[Start of Attachment]
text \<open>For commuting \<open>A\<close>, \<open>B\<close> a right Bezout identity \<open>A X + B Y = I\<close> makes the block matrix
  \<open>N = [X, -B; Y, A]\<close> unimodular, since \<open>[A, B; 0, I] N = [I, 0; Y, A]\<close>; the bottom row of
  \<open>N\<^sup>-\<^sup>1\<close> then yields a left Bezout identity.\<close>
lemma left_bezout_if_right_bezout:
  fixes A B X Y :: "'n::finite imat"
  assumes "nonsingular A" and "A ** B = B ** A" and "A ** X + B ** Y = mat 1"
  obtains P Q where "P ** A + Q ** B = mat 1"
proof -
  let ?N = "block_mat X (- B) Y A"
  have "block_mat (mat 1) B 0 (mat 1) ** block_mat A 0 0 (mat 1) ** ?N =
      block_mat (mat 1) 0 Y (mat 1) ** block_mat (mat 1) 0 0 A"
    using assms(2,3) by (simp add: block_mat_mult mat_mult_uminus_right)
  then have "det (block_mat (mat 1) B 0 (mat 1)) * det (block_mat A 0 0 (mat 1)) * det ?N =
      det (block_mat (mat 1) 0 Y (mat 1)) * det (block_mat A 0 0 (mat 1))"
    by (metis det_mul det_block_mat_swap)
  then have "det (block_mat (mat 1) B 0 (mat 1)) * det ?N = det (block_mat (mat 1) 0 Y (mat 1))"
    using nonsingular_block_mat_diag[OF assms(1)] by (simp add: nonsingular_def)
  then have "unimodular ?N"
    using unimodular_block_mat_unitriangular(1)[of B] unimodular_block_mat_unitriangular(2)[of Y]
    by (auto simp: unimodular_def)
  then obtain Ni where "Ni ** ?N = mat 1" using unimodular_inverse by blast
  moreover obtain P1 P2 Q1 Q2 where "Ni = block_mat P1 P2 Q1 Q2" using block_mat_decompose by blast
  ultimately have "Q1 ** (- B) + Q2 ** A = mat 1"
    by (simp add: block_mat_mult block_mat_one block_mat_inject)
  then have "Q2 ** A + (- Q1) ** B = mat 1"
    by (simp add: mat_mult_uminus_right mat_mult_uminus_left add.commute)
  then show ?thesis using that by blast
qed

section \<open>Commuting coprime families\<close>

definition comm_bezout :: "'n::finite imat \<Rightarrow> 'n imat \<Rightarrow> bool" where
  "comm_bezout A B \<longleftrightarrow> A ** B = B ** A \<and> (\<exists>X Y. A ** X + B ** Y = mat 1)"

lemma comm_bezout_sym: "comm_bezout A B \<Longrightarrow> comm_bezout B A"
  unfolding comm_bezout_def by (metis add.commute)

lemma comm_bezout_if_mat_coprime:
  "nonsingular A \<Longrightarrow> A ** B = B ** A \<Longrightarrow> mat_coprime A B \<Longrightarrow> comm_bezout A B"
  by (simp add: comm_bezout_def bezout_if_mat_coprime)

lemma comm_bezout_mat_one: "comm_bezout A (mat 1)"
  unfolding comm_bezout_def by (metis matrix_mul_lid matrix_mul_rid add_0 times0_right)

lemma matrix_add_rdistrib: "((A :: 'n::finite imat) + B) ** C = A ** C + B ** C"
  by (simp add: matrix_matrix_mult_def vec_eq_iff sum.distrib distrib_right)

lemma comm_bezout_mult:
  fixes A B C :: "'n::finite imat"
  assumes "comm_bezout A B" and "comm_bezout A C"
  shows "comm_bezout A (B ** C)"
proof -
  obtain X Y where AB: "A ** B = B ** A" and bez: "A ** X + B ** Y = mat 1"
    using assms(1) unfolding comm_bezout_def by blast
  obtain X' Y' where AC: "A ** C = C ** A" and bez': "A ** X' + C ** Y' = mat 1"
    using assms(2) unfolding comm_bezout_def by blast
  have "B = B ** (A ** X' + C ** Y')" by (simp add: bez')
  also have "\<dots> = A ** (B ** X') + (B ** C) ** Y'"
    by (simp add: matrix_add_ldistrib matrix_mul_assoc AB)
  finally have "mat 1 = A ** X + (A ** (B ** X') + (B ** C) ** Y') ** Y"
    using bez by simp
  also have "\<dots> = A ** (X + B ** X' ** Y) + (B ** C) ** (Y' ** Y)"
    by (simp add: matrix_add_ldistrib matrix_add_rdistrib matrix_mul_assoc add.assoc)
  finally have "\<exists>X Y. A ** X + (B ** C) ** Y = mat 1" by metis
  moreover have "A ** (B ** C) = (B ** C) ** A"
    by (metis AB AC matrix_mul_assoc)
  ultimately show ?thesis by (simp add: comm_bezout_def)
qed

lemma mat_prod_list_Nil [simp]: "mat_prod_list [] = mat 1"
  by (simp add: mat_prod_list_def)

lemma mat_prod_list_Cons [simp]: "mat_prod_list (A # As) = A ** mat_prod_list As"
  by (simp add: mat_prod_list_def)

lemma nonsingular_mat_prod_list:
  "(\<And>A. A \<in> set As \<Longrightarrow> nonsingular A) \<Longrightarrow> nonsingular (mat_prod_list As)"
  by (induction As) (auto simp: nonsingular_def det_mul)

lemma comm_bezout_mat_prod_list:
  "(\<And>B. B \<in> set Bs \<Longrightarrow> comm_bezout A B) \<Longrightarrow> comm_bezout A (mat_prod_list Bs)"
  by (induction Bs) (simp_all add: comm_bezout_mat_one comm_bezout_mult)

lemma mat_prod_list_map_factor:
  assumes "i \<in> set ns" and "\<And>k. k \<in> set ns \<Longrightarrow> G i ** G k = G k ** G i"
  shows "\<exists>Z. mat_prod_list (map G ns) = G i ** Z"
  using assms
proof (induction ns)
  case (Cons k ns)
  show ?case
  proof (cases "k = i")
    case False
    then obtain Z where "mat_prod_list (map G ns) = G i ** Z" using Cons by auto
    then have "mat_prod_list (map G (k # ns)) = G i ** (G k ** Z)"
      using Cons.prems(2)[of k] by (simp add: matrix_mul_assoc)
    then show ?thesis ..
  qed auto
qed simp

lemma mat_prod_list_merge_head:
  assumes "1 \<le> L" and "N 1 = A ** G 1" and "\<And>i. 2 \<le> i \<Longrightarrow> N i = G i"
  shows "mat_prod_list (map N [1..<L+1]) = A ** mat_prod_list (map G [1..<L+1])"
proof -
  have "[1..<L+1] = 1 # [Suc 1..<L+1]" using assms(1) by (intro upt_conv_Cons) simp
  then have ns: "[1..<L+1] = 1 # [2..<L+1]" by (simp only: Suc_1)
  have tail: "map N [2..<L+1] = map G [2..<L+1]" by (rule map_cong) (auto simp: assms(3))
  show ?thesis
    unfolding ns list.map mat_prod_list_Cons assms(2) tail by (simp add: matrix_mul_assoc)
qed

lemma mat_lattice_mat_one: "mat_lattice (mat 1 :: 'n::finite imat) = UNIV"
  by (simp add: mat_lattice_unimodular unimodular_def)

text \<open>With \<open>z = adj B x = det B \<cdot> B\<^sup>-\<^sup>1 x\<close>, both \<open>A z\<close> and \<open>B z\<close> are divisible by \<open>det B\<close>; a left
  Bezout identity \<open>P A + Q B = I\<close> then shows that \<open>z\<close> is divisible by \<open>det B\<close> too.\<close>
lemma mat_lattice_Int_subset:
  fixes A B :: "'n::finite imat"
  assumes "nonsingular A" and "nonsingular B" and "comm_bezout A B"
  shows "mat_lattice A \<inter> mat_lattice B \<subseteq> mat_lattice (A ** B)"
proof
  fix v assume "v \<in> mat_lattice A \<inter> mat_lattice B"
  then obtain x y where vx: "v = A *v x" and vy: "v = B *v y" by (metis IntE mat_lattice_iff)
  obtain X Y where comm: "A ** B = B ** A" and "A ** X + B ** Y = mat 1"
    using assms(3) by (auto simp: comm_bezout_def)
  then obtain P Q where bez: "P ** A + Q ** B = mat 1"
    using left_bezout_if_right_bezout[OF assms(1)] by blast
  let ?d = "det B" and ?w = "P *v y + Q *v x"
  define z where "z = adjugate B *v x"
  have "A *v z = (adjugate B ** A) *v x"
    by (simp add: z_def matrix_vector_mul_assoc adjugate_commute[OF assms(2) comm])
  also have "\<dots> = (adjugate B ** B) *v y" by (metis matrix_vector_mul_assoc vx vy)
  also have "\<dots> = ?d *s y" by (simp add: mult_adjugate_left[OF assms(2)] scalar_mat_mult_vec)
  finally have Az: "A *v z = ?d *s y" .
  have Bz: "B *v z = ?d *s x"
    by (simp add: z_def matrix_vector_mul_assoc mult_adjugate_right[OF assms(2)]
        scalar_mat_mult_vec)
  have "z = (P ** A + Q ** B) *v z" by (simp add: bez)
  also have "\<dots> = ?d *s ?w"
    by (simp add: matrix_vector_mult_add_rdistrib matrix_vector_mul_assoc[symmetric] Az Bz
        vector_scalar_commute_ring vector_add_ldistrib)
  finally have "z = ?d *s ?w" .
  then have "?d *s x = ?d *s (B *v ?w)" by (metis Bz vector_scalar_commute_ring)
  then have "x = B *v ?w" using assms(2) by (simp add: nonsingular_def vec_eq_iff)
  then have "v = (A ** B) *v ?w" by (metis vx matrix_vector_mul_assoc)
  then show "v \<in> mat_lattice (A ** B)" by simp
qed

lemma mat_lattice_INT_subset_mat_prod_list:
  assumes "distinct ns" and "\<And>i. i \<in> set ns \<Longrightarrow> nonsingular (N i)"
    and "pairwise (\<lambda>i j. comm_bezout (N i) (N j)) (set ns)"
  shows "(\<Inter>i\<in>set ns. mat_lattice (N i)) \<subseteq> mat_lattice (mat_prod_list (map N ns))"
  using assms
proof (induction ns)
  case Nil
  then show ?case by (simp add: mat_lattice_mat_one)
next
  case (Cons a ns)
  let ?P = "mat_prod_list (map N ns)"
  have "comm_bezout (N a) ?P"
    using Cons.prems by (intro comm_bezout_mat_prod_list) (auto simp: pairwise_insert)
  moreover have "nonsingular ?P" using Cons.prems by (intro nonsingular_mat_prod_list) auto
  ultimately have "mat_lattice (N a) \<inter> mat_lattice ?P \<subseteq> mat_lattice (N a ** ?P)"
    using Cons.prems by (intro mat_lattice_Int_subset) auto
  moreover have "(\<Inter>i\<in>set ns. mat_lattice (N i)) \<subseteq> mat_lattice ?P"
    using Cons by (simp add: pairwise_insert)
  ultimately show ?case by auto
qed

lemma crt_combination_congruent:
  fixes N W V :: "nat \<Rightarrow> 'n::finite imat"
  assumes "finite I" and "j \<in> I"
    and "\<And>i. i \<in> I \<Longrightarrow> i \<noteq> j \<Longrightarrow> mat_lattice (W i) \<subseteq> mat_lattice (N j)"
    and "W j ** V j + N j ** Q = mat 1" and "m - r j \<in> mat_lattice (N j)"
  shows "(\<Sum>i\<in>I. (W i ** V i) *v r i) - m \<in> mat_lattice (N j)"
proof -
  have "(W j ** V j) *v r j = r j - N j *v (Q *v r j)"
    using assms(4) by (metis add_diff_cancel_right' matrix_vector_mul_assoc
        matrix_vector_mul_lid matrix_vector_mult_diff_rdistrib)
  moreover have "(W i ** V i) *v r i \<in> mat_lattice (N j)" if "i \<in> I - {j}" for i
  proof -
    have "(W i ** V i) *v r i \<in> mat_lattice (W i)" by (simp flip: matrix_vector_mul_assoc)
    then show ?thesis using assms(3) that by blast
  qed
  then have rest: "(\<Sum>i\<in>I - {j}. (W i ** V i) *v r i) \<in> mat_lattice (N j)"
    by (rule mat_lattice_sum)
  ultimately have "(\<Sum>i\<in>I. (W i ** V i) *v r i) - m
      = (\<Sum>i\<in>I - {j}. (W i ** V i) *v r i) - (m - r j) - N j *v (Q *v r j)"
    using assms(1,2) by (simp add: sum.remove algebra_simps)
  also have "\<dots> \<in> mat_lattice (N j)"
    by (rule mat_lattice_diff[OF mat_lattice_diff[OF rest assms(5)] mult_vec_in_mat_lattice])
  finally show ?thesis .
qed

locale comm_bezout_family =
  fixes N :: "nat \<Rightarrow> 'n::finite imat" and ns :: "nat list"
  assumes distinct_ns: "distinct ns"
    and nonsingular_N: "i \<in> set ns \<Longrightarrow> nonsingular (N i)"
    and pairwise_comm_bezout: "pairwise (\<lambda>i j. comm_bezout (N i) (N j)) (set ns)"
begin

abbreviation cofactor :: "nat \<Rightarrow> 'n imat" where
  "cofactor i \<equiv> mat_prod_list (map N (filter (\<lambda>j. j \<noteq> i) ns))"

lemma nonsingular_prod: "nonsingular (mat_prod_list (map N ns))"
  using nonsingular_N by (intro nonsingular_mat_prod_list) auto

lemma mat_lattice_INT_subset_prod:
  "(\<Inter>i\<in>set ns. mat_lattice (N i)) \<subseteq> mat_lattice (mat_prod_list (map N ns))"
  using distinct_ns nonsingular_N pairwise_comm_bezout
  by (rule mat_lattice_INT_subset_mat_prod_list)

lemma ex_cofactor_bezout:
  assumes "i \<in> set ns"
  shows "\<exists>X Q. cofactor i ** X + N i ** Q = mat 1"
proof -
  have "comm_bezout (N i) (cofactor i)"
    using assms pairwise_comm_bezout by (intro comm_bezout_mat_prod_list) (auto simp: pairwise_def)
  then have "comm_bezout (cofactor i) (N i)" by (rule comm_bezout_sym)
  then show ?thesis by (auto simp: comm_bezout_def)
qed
[End of Attachment]
[Start of Attachment]
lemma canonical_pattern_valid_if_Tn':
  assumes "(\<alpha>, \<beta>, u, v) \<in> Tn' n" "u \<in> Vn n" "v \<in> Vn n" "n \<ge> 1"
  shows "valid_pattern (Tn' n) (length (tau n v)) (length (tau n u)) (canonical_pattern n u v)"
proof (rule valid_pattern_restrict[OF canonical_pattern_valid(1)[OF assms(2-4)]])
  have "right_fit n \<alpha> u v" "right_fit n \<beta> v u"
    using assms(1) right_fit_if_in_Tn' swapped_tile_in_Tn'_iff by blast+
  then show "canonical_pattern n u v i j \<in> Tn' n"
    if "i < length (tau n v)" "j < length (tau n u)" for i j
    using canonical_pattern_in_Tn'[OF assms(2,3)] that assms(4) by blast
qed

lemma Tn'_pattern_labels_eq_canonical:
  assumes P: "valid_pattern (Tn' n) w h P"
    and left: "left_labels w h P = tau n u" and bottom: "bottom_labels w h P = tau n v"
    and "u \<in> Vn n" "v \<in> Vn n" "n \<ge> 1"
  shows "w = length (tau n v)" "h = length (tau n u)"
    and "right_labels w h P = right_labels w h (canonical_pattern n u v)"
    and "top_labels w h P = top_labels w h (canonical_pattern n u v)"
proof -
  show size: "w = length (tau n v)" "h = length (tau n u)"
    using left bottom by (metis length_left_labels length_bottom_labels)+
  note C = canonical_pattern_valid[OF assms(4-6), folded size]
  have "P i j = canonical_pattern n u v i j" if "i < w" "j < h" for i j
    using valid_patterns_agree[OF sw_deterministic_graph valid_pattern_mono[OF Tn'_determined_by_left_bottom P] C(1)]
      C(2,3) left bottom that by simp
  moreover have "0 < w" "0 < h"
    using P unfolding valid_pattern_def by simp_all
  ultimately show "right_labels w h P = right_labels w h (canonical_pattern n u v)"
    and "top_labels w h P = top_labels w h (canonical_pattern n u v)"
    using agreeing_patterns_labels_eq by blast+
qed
[End of Attachment]
(What to do)
Using the entries above, output exactly the lines between the line holding "text \<open>For commuting" and the line holding "left Bezout identity.\<close>", end lines included, and nothing more.

(Answer space)
text \<open>For commuting \<open>A\<close>, \<open>B\<close> a right Bezout identity \<open>A X + B Y = I\<close> makes the block matrix
  \<open>N = [X, -B; Y, A]\<close> unimodular, since \<open>[A, B; 0, I] N = [I, 0; Y, A]\<close>; the bottom row of
  \<open>N\<^sup>-\<^sup>1\<close> then yields a left Bezout identity.\<close>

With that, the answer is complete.